→ **What is being asked**:
Transcribe the listing from its top line through the line with "finite E \<and>". Keep it exact, both ends included, and add nothing.

┌─ Data records

text \<open>
  The construction works with c0 = 1 and c = 1/40 in every dimension.
\<close>

theorem lemma3p3:
  assumes "CARD('n::finite) \<ge> 2"
  shows "\<exists>c0 > 0. \<exists>c > 0. \<forall>(eps::real) (tau::real) (eta::real) (E :: (real^'n) set) (rho :: real^'n \<Rightarrow> real^'n).
     0 < eps \<and> eps < c0 \<and> 0 < tau \<and> tau \<le> 1 \<and> 0 < eta \<and>
     finite E \<and> diameter E \<le> 1 \<and>
     (\<forall>x\<in>E. \<forall>y\<in>E. x \<noteq> y \<longrightarrow> dist x y \<ge> tau) \<and>
     (\<forall>x\<in>E. norm (rho x - x) \<le> eta) \<and>
     eta < c * eps * tau
     \<longrightarrow> (\<exists>Phi. eps_distorted_diffeo eps Phi \<and>
            (\<forall>x. (\<forall>y\<in>E. dist x y \<ge> 10) \<longrightarrow> Phi x = x) \<and>
            (\<forall>z\<in>E. \<forall>x\<in>ball z (tau / 10). Phi x = x + (z - rho z)))"
proof (rule exI[of _ 1], intro conjI exI[of _ "1/40"] allI impI; (elim conjE)?)
  fix eps tau eta :: real and E :: "(real^'n) set" and rho :: "real^'n \<Rightarrow> real^'n"
  assume "0 < eps" "eps < 1" "0 < tau" "tau \<le> 1" "finite E"
    and separated: "\<forall>x\<in>E. \<forall>y\<in>E. x \<noteq> y \<longrightarrow> dist x y \<ge> tau"
    and close: "\<forall>x\<in>E. norm (rho x - x) \<le> eta" and "eta < 1/40 * eps * tau"
  have "norm (z - rho z) \<le> eps * tau / 40" if "z \<in> E" for z
    using close that \<open>eta < 1/40 * eps * tau\<close> by (fastforce simp: norm_minus_commute)
  then obtain Phi where "eps_distorted_diffeo eps Phi"
    and fixes_far: "\<forall>x. (\<forall>y\<in>E. tau/2 \<le> dist x y) \<longrightarrow> Phi x = x"
    and "\<forall>z\<in>E. \<forall>x\<in>ball z (tau/10). Phi x = x + (z - rho z)"
    using eps_distorted_diffeo_translating_balls[of eps tau E "\<lambda>z. z - rho z"]
      \<open>0 < eps\<close> \<open>eps < 1\<close> \<open>0 < tau\<close> \<open>finite E\<close> separated
    by auto
  moreover have "Phi x = x" if "\<forall>y\<in>E. dist x y \<ge> 10" for x
    using fixes_far that \<open>tau \<le> 1\<close> by force
  ultimately show "\<exists>Phi. eps_distorted_diffeo eps Phi \<and>
      (\<forall>x. (\<forall>y\<in>E. dist x y \<ge> 10) \<longrightarrow> Phi x = x) \<and>
      (\<forall>z\<in>E. \<forall>x\<in>ball z (tau / 10). Phi x = x + (z - rho z))"
    by blast
qed simp_all

end
(* Let $0<A<B$, let $z\in \mathbb{C}\setminus\{0\}$ and $Y>0$. Then $$\int_{-\pi}^{\pi} \int_{A}^{B} \min\left\{\|\Im(zRe^{\theta i})\|^{-1}, Y\right\}^{1/2} \cdot \min\left\{\|\Re(zRe^{\theta i})\|^{-1}, Y\right\}^{1/2} \, dR \, d\theta \ll_{A,B} \max\{1,|z|^{-1}\}\log (2+Y),$$ where the implied constant depends only on $A$ and $B$.
   Context: For $x\in\mathbb{R}$, $\|x\|$ denotes the distance from $x$ to the nearest integer (with $\|x\|^{-1}=\infty$ if $x\in\mathbb{Z}$, so the minimum is then $Y$). *)

theory Defs
  imports "HOL-Analysis.Analysis"
begin

definition dnint :: "real \<Rightarrow> real" where
  "dnint x = \<bar>x - of_int (round x)\<bar>"

text \<open>min of the inverse distance to the nearest integer and Y, with the convention
  that the inverse is infinite (so the minimum is Y) when x is an integer.\<close>
definition minY :: "real \<Rightarrow> real \<Rightarrow> real" where
  "minY Y x = (if dnint x = 0 then Y else min (1 / dnint x) Y)"

end

theory Submission
  imports Defs
begin

text \<open>Write \<open>z R e\<^sup>i\<^sup>\<theta>\<close> in polar form: its imaginary and real parts are
  \<open>R |z| sin (\<theta> + arg z)\<close> and \<open>R |z| cos (\<theta> + arg z)\<close>. Bound the geometric mean of
  the two factors by their arithmetic mean and \<open>min {\<parallel>x\<parallel>\<^sup>-\<^sup>1, Y}\<close> by
  \<open>2Y / (1 + Y \<parallel>x\<parallel>)\<close>. For fixed \<open>\<theta>\<close> the \<open>R\<close>-integral of \<open>1 / (1 + Y \<parallel>c R\<parallel>)\<close>
  is at most \<open>(B - A) / (1 + Y |c| A)\<close> if \<open>|c| B < 1/2\<close>, since then \<open>\<parallel>c R\<parallel> = |c| R\<close>;
  otherwise it is \<open>O(B log (1 + Y) / Y)\<close>, because every period of \<open>\<parallel>c R\<parallel>\<close> contributes
  exactly \<open>2 log (1 + Y/2) / (Y |c|)\<close>. Finally \<open>|sin s| \<ge> \<parallel>s/\<pi>\<parallel>\<close>, so the \<open>\<theta>\<close>-integral
  of \<open>1 / (1 + K |sin (\<theta> + arg z)|)\<close> with \<open>K = A Y |z|\<close> is again a periodic integral, of
  size \<open>O(log (1 + K) / K)\<close>; and \<open>log (1 + K) / |z| = O(max {1, |z|\<^sup>-\<^sup>1} log (2 + Y))\<close>.\<close>

lemma dnint_le: "dnint x \<le> \<bar>x - of_int n\<bar>"
  unfolding dnint_def by (rule round_diff_minimal)

lemma dnint_nonneg [simp]: "0 \<le> dnint x"
  by (simp add: dnint_def)

lemma dnint_eq:
  assumes "\<bar>x - of_int n\<bar> \<le> 1/2"
  shows "dnint x = \<bar>x - of_int n\<bar>"
proof -
  have "\<bar>x - of_int n\<bar> \<le> \<bar>x - of_int (round x)\<bar>"
  proof (cases "round x = n")
    case False
    then have "1 \<le> \<bar>of_int (round x) - (of_int n :: real)\<bar>"
      by (metis of_int_1_le_iff of_int_abs of_int_diff zero_less_abs_iff right_minus_eq int_one_le_iff_zero_less)
    then show ?thesis using assms by linarith
  qed simp
  then show ?thesis using dnint_le[of x n] unfolding dnint_def by linarith
qed

lemma dnint_minus [simp]: "dnint (- x) = dnint x"
  using dnint_le[of "- x" "- round x"] dnint_le[of x "- round (- x)"]
  unfolding dnint_def by simp

lemma continuous_on_dnint: "continuous_on S dnint"
proof -
  have "\<bar>dnint x - dnint y\<bar> \<le> \<bar>x - y\<bar>" for x y
    using dnint_le[of x "round y"] dnint_le[of y "round x"] unfolding dnint_def by linarith
  then have "isCont dnint x" for x
    unfolding continuous_at_eps_delta dist_real_def using le_less_trans by blast
  then show ?thesis
    by (simp add: continuous_at_imp_continuous_on)
qed

definition dnint_weight :: "real \<Rightarrow> real \<Rightarrow> real" where
  "dnint_weight k x = 1 / (1 + k * dnint x)"

lemma one_add_mult_dnint_pos: "0 \<le> k \<Longrightarrow> 0 < 1 + k * dnint x"
  by (simp add: add_pos_nonneg)

lemma dnint_weight_nonneg: "0 \<le> k \<Longrightarrow> 0 \<le> dnint_weight k x"
  using one_add_mult_dnint_pos[of k x] by (simp add: dnint_weight_def)

lemma dnint_weight_le:
  assumes "0 \<le> k" and "0 \<le> u" and "u \<le> dnint x"
  shows "dnint_weight k x \<le> 1 / (1 + k * u)"
  unfolding dnint_weight_def using assms
  by (intro frac_le add_left_mono mult_left_mono) (auto intro: add_pos_nonneg)

lemma continuous_on_dnint_weight [continuous_intros]:
  assumes "0 \<le> k" and "continuous_on S f"
  shows "continuous_on S (\<lambda>x. dnint_weight k (f x))"
proof -
  have "continuous_on S (\<lambda>x. dnint (f x))"
    using continuous_on_compose2[OF continuous_on_dnint[of UNIV] assms(2)] by simp
  moreover have "1 + k * dnint (f x) \<noteq> 0" for x
    using one_add_mult_dnint_pos[OF assms(1), of "f x"] by linarith
  ultimately show ?thesis
    unfolding dnint_weight_def by (auto intro!: continuous_intros)
qed

lemma minY_le_dnint_weight:
  assumes "0 < Y"
  shows "minY Y x \<le> 2 * Y * dnint_weight Y x"
proof (cases "Y * dnint x \<le> 1")
  case True
  then have "Y \<le> 2 * Y / (1 + Y * dnint x)"
    using assms one_add_mult_dnint_pos[of Y x] by (simp add: field_simps)
  then show ?thesis
    unfolding minY_def dnint_weight_def using assms by (auto simp: min_le_iff_disj)
next
  case False
  then have "dnint x \<noteq> 0"
    by auto
  then have "dnint x > 0"
    using dnint_nonneg[of x] by linarith
  moreover have "1 / dnint x \<le> 2 * Y / (1 + Y * dnint x)"
    using False \<open>dnint x > 0\<close> by (simp add: field_simps)
  ultimately show ?thesis
    unfolding minY_def dnint_weight_def by simp
qed

lemma minY_nonneg: "0 < Y \<Longrightarrow> 0 \<le> minY Y x"
  by (simp add: minY_def)

lemma has_integral_inverse_affine:
  fixes k \<alpha> c a b :: real
  assumes "0 < k" and "\<alpha> \<noteq> 0" and "a \<le> b"
    and nonneg: "\<And>x. x \<in> {a..b} \<Longrightarrow> 0 \<le> \<alpha> * x + c"
  shows "((\<lambda>x. 1 / (1 + k * (\<alpha> * x + c))) has_integral
      (ln (1 + k * (\<alpha> * b + c)) - ln (1 + k * (\<alpha> * a + c))) / (k * \<alpha>)) {a..b}"
proof -
  define F where "F x = ln (1 + k * (\<alpha> * x + c)) / (k * \<alpha>)" for x
  have "((\<lambda>x. 1 / (1 + k * (\<alpha> * x + c))) has_integral (F b - F a)) {a..b}"
  proof (rule fundamental_theorem_of_calculus[OF \<open>a \<le> b\<close>])
    fix x assume "x \<in> {a..b}"
    then have "0 < 1 + k * (\<alpha> * x + c)"
      using nonneg \<open>0 < k\<close> by (simp add: add_pos_nonneg)
    then have "(F has_real_derivative 1 / (1 + k * (\<alpha> * x + c))) (at x within {a..b})"
      unfolding F_def using assms(1,2) by (auto intro!: derivative_eq_intros simp: divide_simps)
    then show "(F has_vector_derivative 1 / (1 + k * (\<alpha> * x + c))) (at x within {a..b})"
      by (simp add: has_real_derivative_iff_has_vector_derivative)
  qed
  then show ?thesis
    unfolding F_def by (simp add: diff_divide_distrib)
qed

lemma has_integral_dnint_weight_half_cell:
  fixes \<alpha> k \<beta> :: real and n :: int
  assumes "0 < \<alpha>" and "0 < k"
  shows "((\<lambda>x. dnint_weight k (\<alpha> * x + \<beta>)) has_integral ln (1 + k / 2) / (k * \<alpha>))
    {(of_int n - \<beta>) / \<alpha> .. (of_int n + 1/2 - \<beta>) / \<alpha>}"
proof -
  define m r c where "m = (of_int n - \<beta>) / \<alpha>" and "r = (of_int n + 1/2 - \<beta>) / \<alpha>"
    and "c = \<beta> - of_int n"
  have "m \<le> r" and at_m: "\<alpha> * m + c = 0" and at_r: "\<alpha> * r + c = 1/2"
    using assms unfolding m_def r_def c_def by (auto simp: divide_right_mono field_simps)
  have on_cell: "\<alpha> * x + c \<in> {0..1/2}" if "x \<in> {m..r}" for x
  proof -
    have "\<alpha> * m \<le> \<alpha> * x" "\<alpha> * x \<le> \<alpha> * r"
      using that assms by auto
    then show ?thesis
      using at_m at_r by auto
  qed
  have "((\<lambda>x. 1 / (1 + k * (\<alpha> * x + c))) has_integral
      (ln (1 + k * (\<alpha> * r + c)) - ln (1 + k * (\<alpha> * m + c))) / (k * \<alpha>)) {m..r}"
  proof (rule has_integral_inverse_affine)
    show "0 \<le> \<alpha> * x + c" if "x \<in> {m..r}" for x
      using on_cell[OF that] by simp
  qed (use assms \<open>m \<le> r\<close> in auto)
  then have "((\<lambda>x. 1 / (1 + k * (\<alpha> * x + c))) has_integral ln (1 + k / 2) / (k * \<alpha>)) {m..r}"
    using at_m at_r by simp
  then show ?thesis
    unfolding m_def[symmetric] r_def[symmetric]
  proof (rule has_integral_eq[rotated])
    fix x assume "x \<in> {m..r}"
    then have "dnint (\<alpha> * x + \<beta>) = \<alpha> * x + c"
      using on_cell dnint_eq[of "\<alpha> * x + \<beta>" n] unfolding c_def by fastforce
    then show "1 / (1 + k * (\<alpha> * x + c)) = dnint_weight k (\<alpha> * x + \<beta>)"
      by (simp add: dnint_weight_def)
  qed
qed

└─

→ **Response**:
text \<open>
  The construction works with c0 = 1 and c = 1/40 in every dimension.
\<close>

theorem lemma3p3:
  assumes "CARD('n::finite) \<ge> 2"
  shows "\<exists>c0 > 0. \<exists>c > 0. \<forall>(eps::real) (tau::real) (eta::real) (E :: (real^'n) set) (rho :: real^'n \<Rightarrow> real^'n).
     0 < eps \<and> eps < c0 \<and> 0 < tau \<and> tau \<le> 1 \<and> 0 < eta \<and>
     finite E \<and> diameter E \<le> 1 \<and>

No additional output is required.